The comms room is the most physically sensitive space in a network infrastructure. All cable runs terminate here. All switches, patch panels and servers are here. Unrestricted physical access to the comms room is effectively unrestricted access to the network.
ACCL recommends, and can install, access-controlled comms rooms as standard on any AI network infrastructure project. A Paxton Net2 door controller on the comms room door, linked to the same access control system as the rest of the building, provides an auditable access log and prevents casual or unauthorised entry.
Documentation as a security tool
A structured cabling installation without complete, accurate documentation is a security liability. Unknown cable runs, unlabelled ports and undocumented connections are the physical equivalent of shadow IT. An attacker who understands your building’s layout can exploit undocumented network access points that your IT team does not know exist.
Every ACCL installation includes TIA-606-B compliant labelling of every cable, port and panel, Fluke DSX test reports for every link, and as-built documentation showing the physical routing of every cable run. That documentation is not just a project handover requirement. It is a security asset that allows your IT team to identify, audit and control every physical network connection in the building.
Standards and sources
- NCSC network security guidanceUK National Cyber Security Centre
- ISO/IEC 27001 information securityInformation security management standard
Frequently asked questions
What is physical layer security in a commercial network?
Physical layer security refers to the measures taken to protect the physical cabling infrastructure, comms rooms and network access points from unauthorised access. It includes physically separate cable runs for sensitive network segments, access-controlled comms rooms, comprehensive cable documentation, and asset labelling that makes every network connection traceable and auditable. Physical layer security is the foundation on which software-based security measures, firewalls, VLANs, endpoint protection, operate.
Are VLANs sufficient to isolate AI systems from corporate networks?
VLANs provide effective logical separation for most commercial environments and should always be specified for AI devices and IoT systems. However, VLANs are implemented in switch firmware and are vulnerable to misconfiguration and certain attack techniques. For environments handling sensitive data, legal, financial, healthcare, government, physically separate cable runs for AI systems provide an additional layer of security that software-based VLAN separation cannot fully replicate. The appropriate approach depends on the sensitivity of the data and the regulatory environment.
Why does the cabling contractor matter for network security?

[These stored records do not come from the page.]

(* Let $X$ be a real Banach space, $h:X\to\mathbb R\cup\{+\infty\}$ proper and lower semicontinuous, and $\bar x$ a global minimizer of $h$. Let $p,q\in(1,+\infty)$ with $p^{-1}+q^{-1}=1$ and $\kappa>0$, and define $$Z:=\bigcup_{x\in X}\{\xi\in X^*:\ \xi\in\partial h(x)\ \text{and}\ \|x-\bar x\|\le\kappa\|\xi\|^{q/p}\}.$$ Then for every $\theta\in(0,1]$, $$h(x)\ge h(\bar x)+\frac12\Big(\frac{\theta}{2\kappa}\Big)^{p/q}\|x-\bar x\|^p\quad\text{for every }x\in\bar x+2\kappa\theta^{-1}J_p^{-1}(\overline Z),$$ where $\overline Z$ is the norm closure of $Z$ in $X^*$.
   Context: The (Fenchel–Moreau) subdifferential of $h$ at $x$ is $\partial h(x):=\{\xi\in X^*: x \text{ is a global minimizer on } X \text{ of } h-\langle\xi,\cdot\rangle\}$ (defined for possibly nonconvex $h$). For $p\in[1,\infty)$ the duality mapping is $J_p(x):=\{\xi\in X^*:\langle\xi,x\rangle=\|\xi\|\|x\|,\ \|\xi\|=\|x\|^{p-1}\}$, and for $A\subset X^*$, $J_p^{-1}(A):=\{x\in X: J_p(x)\cap A\neq\emptyset\}$. *)

theory Defs
  imports "HOL-Analysis.Analysis"
begin

definition proper_fun :: "('a \<Rightarrow> ereal) \<Rightarrow> bool" where
  "proper_fun h \<longleftrightarrow> (\<forall>x. h x \<noteq> -\<infinity>) \<and> (\<exists>x. h x \<noteq> \<infinity>)"

definition lsc_fun :: "('a::topological_space \<Rightarrow> ereal) \<Rightarrow> bool" where
  "lsc_fun h \<longleftrightarrow> (\<forall>c. closed {x. h x \<le> c})"

text \<open>Fenchel--Moreau subdifferential: x is a global minimizer of h - <xi,.>.\<close>
definition subdiff :: "('a::real_normed_vector \<Rightarrow> ereal) \<Rightarrow> 'a \<Rightarrow> ('a \<Rightarrow>\<^sub>L real) set" where
  "subdiff h x = {\<xi>. \<forall>y. h x - ereal (blinfun_apply \<xi> x) \<le> h y - ereal (blinfun_apply \<xi> y)}"

definition duality_map :: "real \<Rightarrow> 'a::real_normed_vector \<Rightarrow> ('a \<Rightarrow>\<^sub>L real) set" where
  "duality_map p x = {\<xi>. blinfun_apply \<xi> x = norm \<xi> * norm x \<and> norm \<xi> = norm x powr (p - 1)}"

definition duality_map_inv :: "real \<Rightarrow> ('a::real_normed_vector \<Rightarrow>\<^sub>L real) set \<Rightarrow> 'a set" where
  "duality_map_inv p A = {x. duality_map p x \<inter> A \<noteq> {}}"

end

theory Submission
  imports Defs
begin

text \<open>For a subgradient \<xi> \<in> \<partial>h z, minimality of xbar gives
  h x - h xbar \<ge> h x - h z \<ge> \<xi>(x - z) = \<xi>(x - xbar) - \<xi>(z - xbar), and if \<xi> \<in> Z the last term is
  at most \<kappa> \<parallel>\<xi>\<parallel>^q. The resulting inequality \<xi>(x - xbar) - \<kappa> \<parallel>\<xi>\<parallel>^q \<le> h x - h xbar is closed in \<xi>,
  so it holds on the closure of Z. Writing x - xbar = t y with t = 2\<kappa>/\<theta> and \<zeta> \<in> J_p(y) in that
  closure, one has \<zeta>(x - xbar) = t \<parallel>y\<parallel>^p and \<parallel>\<zeta>\<parallel>^q = \<parallel>y\<parallel>^p.\<close>

lemma conjugate_exponents:
  fixes p q :: real
  assumes "p > 1" "q > 1" "1 / p + 1 / q = 1"
  shows "q / p = q - 1" and "p / q = p - 1" and "(p - 1) * q = p"
  using assms by (simp_all add: field_simps)

lemma mult_powr_conjugate:
  fixes a p q :: real
  assumes "a \<ge> 0" "p > 1" "q > 1" "1 / p + 1 / q = 1"
  shows "a * a powr (q / p) = a powr q"
proof (cases "a = 0")
  case True
  then show ?thesis by simp
next
  case False
  then have "a * a powr (q / p) = a powr (1 + q / p)"
    using assms(1) by (simp add: powr_add)
  also have "1 + q / p = q"
    using conjugate_exponents[OF assms(2-4)] by simp
  finally show ?thesis .
qed

lemma duality_map_apply:
  fixes y :: "'a::real_normed_vector"
  assumes "\<zeta> \<in> duality_map p y"
  shows "blinfun_apply \<zeta> y = norm y powr p"
proof (cases "y = 0")
  case True
  then show ?thesis using assms by (simp add: duality_map_def)
next
  case False
  then have "blinfun_apply \<zeta> y = norm y powr (p - 1) * norm y powr 1"
    using assms by (simp add: duality_map_def)
  also have "\<dots> = norm y powr (p - 1 + 1)"
    using False by (simp only: powr_add)
  finally show ?thesis by simp
qed

lemma duality_map_norm_powr_conjugate:
  fixes y :: "'a::real_normed_vector"
  assumes "\<zeta> \<in> duality_map p y" "p > 1" "q > 1" "1 / p + 1 / q = 1"
  shows "norm \<zeta> powr q = norm y powr p"
  using assms conjugate_exponents(3)[OF assms(2-4)] by (simp add: duality_map_def powr_powr)

lemma subdiff_minimizer_bound:
  fixes h :: "'a::real_normed_vector \<Rightarrow> ereal"
  assumes "\<xi> \<in> subdiff h z" "\<forall>y. h xbar \<le> h y" "h xbar = ereal r" "h x = ereal s"
  shows "blinfun_apply \<xi> (x - xbar) - blinfun_apply \<xi> (z - xbar) \<le> s - r"
proof -
  have "h xbar - ereal (blinfun_apply \<xi> z) \<le> h z - ereal (blinfun_apply \<xi> z)"
    using assms(2) by (simp add: ereal_minus_mono)
  also have "\<dots> \<le> h x - ereal (blinfun_apply \<xi> x)"
    using assms(1) by (simp add: subdiff_def)
  finally have "r - blinfun_apply \<xi> z \<le> s - blinfun_apply \<xi> x"
    using assms(3,4) by simp
  then show ?thesis
    by (simp add: blinfun.diff_right)
qed

lemma blinfun_apply_le_powr_conjugate:
  fixes \<xi> :: "'a::real_normed_vector \<Rightarrow>\<^sub>L real"
  assumes "norm v \<le> \<kappa> * norm \<xi> powr (q / p)" "p > 1" "q > 1" "1 / p + 1 / q = 1"
  shows "blinfun_apply \<xi> v \<le> \<kappa> * norm \<xi> powr q"
proof -
  have "blinfun_apply \<xi> v \<le> norm \<xi> * norm v"
    by (metis abs_le_D1 norm_blinfun real_norm_def)
  also have "\<dots> \<le> norm \<xi> * (\<kappa> * norm \<xi> powr (q / p))"
    using assms(1) by (simp add: mult_left_mono)
  also have "\<dots> = \<kappa> * norm \<xi> powr q"
    using mult_powr_conjugate[OF norm_ge_zero assms(2-4), of \<xi>] by (metis mult.left_commute)
  finally show ?thesis .
qed

lemma closed_dual_sublevel:
  fixes v :: "'a::real_normed_vector"
  assumes "q > 0"
  shows "closed {\<xi>::'a \<Rightarrow>\<^sub>L real. blinfun_apply \<xi> v - k * norm \<xi> powr q \<le> c}"
proof -
  have "continuous_on UNIV (\<lambda>\<xi>::'a \<Rightarrow>\<^sub>L real. norm \<xi> powr q)"
    by (rule continuous_on_powr') (use assms in \<open>auto intro: continuous_intros\<close>)
  then have "continuous_on UNIV (\<lambda>\<xi>::'a \<Rightarrow>\<^sub>L real. blinfun_apply \<xi> v - k * norm \<xi> powr q)"
    by (intro continuous_on_diff continuous_on_mult_left) (auto intro: continuous_intros)
  then show ?thesis
    by (intro closed_Collect_le continuous_on_const)
qed

lemma closure_subgradients_bound:
  fixes h :: "'a::real_normed_vector \<Rightarrow> ereal"
  assumes "\<forall>y. h xbar \<le> h y" "h xbar = ereal r" "h x = ereal s"
    and "p > 1" "q > 1" "1 / p + 1 / q = 1"
    and "Z = (\<Union>z. {\<xi>. \<xi> \<in> subdiff h z \<and> norm (z - xbar) \<le> \<kappa> * norm \<xi> powr (q / p)})"
    and "\<zeta> \<in> closure Z"
  shows "blinfun_apply \<zeta> (x - xbar) - \<kappa> * norm \<zeta> powr q \<le> s - r"
proof -
  let ?S = "{\<xi>. blinfun_apply \<xi> (x - xbar) - \<kappa> * norm \<xi> powr q \<le> s - r}"
  have "Z \<subseteq> ?S"
  proof
    fix \<xi> assume "\<xi> \<in> Z"
    then obtain z where "\<xi> \<in> subdiff h z" "norm (z - xbar) \<le> \<kappa> * norm \<xi> powr (q / p)"
      using assms(7) by auto
    then show "\<xi> \<in> ?S"
      using subdiff_minimizer_bound[OF _ assms(1-3)] blinfun_apply_le_powr_conjugate[OF _ assms(4-6)]
      by fastforce
  qed
  moreover have "closed ?S"
    using assms(5) by (intro closed_dual_sublevel) simp
  ultimately have "closure Z \<subseteq> ?S"
    by (rule closure_minimal)
  then show ?thesis
    using assms(8) by auto
qed

lemma inverse_powr_scale:
  fixes t a p :: real
  assumes "t > 0" "a \<ge> 0"
  shows "(1 / t) powr (p - 1) * (t * a) powr p = t * a powr p"
proof -
  have "(1 / t) powr (p - 1) * (t * a) powr p = (1 / t) powr (p - 1) * t powr (p - 1) * t * a powr p"
    using assms by (simp add: powr_mult powr_diff)
  also have "(1 / t) powr (p - 1) * t powr (p - 1) = 1"
    using assms by (simp flip: powr_mult)
  finally show ?thesis by simp
qed

theorem lemma2p2:
  fixes h :: "'a::banach \<Rightarrow> ereal" and xbar :: 'a and p q \<kappa> \<theta> :: real
    and Z :: "('a \<Rightarrow>\<^sub>L real) set"
  assumes "proper_fun h" and "lsc_fun h"
    and "\<forall>y. h xbar \<le> h y"
    and "p > 1" and "q > 1" and "1 / p + 1 / q = 1" and "\<kappa> > 0"
    and "Z = (\<Union>x. {\<xi>. \<xi> \<in> subdiff h x \<and> norm (x - xbar) \<le> \<kappa> * norm \<xi> powr (q / p)})"
    and "0 < \<theta>" and "\<theta> \<le> 1"
    and "x \<in> (\<lambda>y. xbar + (2 * \<kappa> / \<theta>) *\<^sub>R y) ` duality_map_inv p (closure Z)"
  shows "h x \<ge> h xbar + ereal ((1 / 2) * (\<theta> / (2 * \<kappa>)) powr (p / q) * norm (x - xbar) powr p)"
proof (cases "h x = \<infinity>")
  case False
  define t where "t = 2 * \<kappa> / \<theta>"
  have "t > 0" "\<kappa> \<le> t / 2" "\<theta> / (2 * \<kappa>) = 1 / t"
    using assms(7,9,10) by (auto simp: t_def field_simps)
  obtain r where r: "h xbar = ereal r"
    using assms(1,3) unfolding proper_fun_def by (cases "h xbar") (auto simp: top_unique)
  obtain s where s: "h x = ereal s"
    using assms(1) False unfolding proper_fun_def by (cases "h x") auto
  obtain y \<zeta> where x: "x = xbar + t *\<^sub>R y" and \<zeta>: "\<zeta> \<in> closure Z" "\<zeta> \<in> duality_map p y"
    using assms(11) unfolding duality_map_inv_def t_def by blast
  have "blinfun_apply \<zeta> (x - xbar) - \<kappa> * norm \<zeta> powr q \<le> s - r"
    using closure_subgradients_bound[OF assms(3) r s assms(4-6,8) \<zeta>(1)] .
  then have "(t - \<kappa>) * norm y powr p \<le> s - r"
    using duality_map_apply[OF \<zeta>(2)] duality_map_norm_powr_conjugate[OF \<zeta>(2) assms(4-6)] x
    by (simp add: blinfun.scaleR_right algebra_simps)
  moreover have "(1 / 2) * (\<theta> / (2 * \<kappa>)) powr (p / q) * norm (x - xbar) powr p = t / 2 * norm y powr p"
    using inverse_powr_scale[of t "norm y" p] conjugate_exponents(2)[OF assms(4-6)]
      \<open>t > 0\<close> \<open>\<theta> / (2 * \<kappa>) = 1 / t\<close> x by simp
  moreover have "t / 2 * norm y powr p \<le> (t - \<kappa>) * norm y powr p"
    using \<open>\<kappa> \<le> t / 2\<close> by (intro mult_right_mono) auto
  ultimately show ?thesis
    using r s by simp
qed simp

end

The cabling contractor determines how the physical network is structured, documented and labelled. A poorly documented installation with unlabelled cable runs and unaudited patch panel connections creates physical security vulnerabilities that software tools cannot detect or remediate. A well-documented installation with TIA-606-B compliant labelling and complete Fluke DSX test records gives the IT team full visibility of every physical network connection, which is the prerequisite for effective network security management.
Should AI CCTV and access control systems be on a separate network?
AI-powered CCTV and access control systems should always be on a dedicated network segment, separated from corporate data traffic. In most commercial environments, VLAN segmentation across a shared physical infrastructure is appropriate. In environments handling sensitive data or subject to regulatory requirements, physically separate cable runs and dedicated switch hardware provide a higher level of assurance. ACCL designs cabling infrastructure with network segmentation requirements built in from the outset.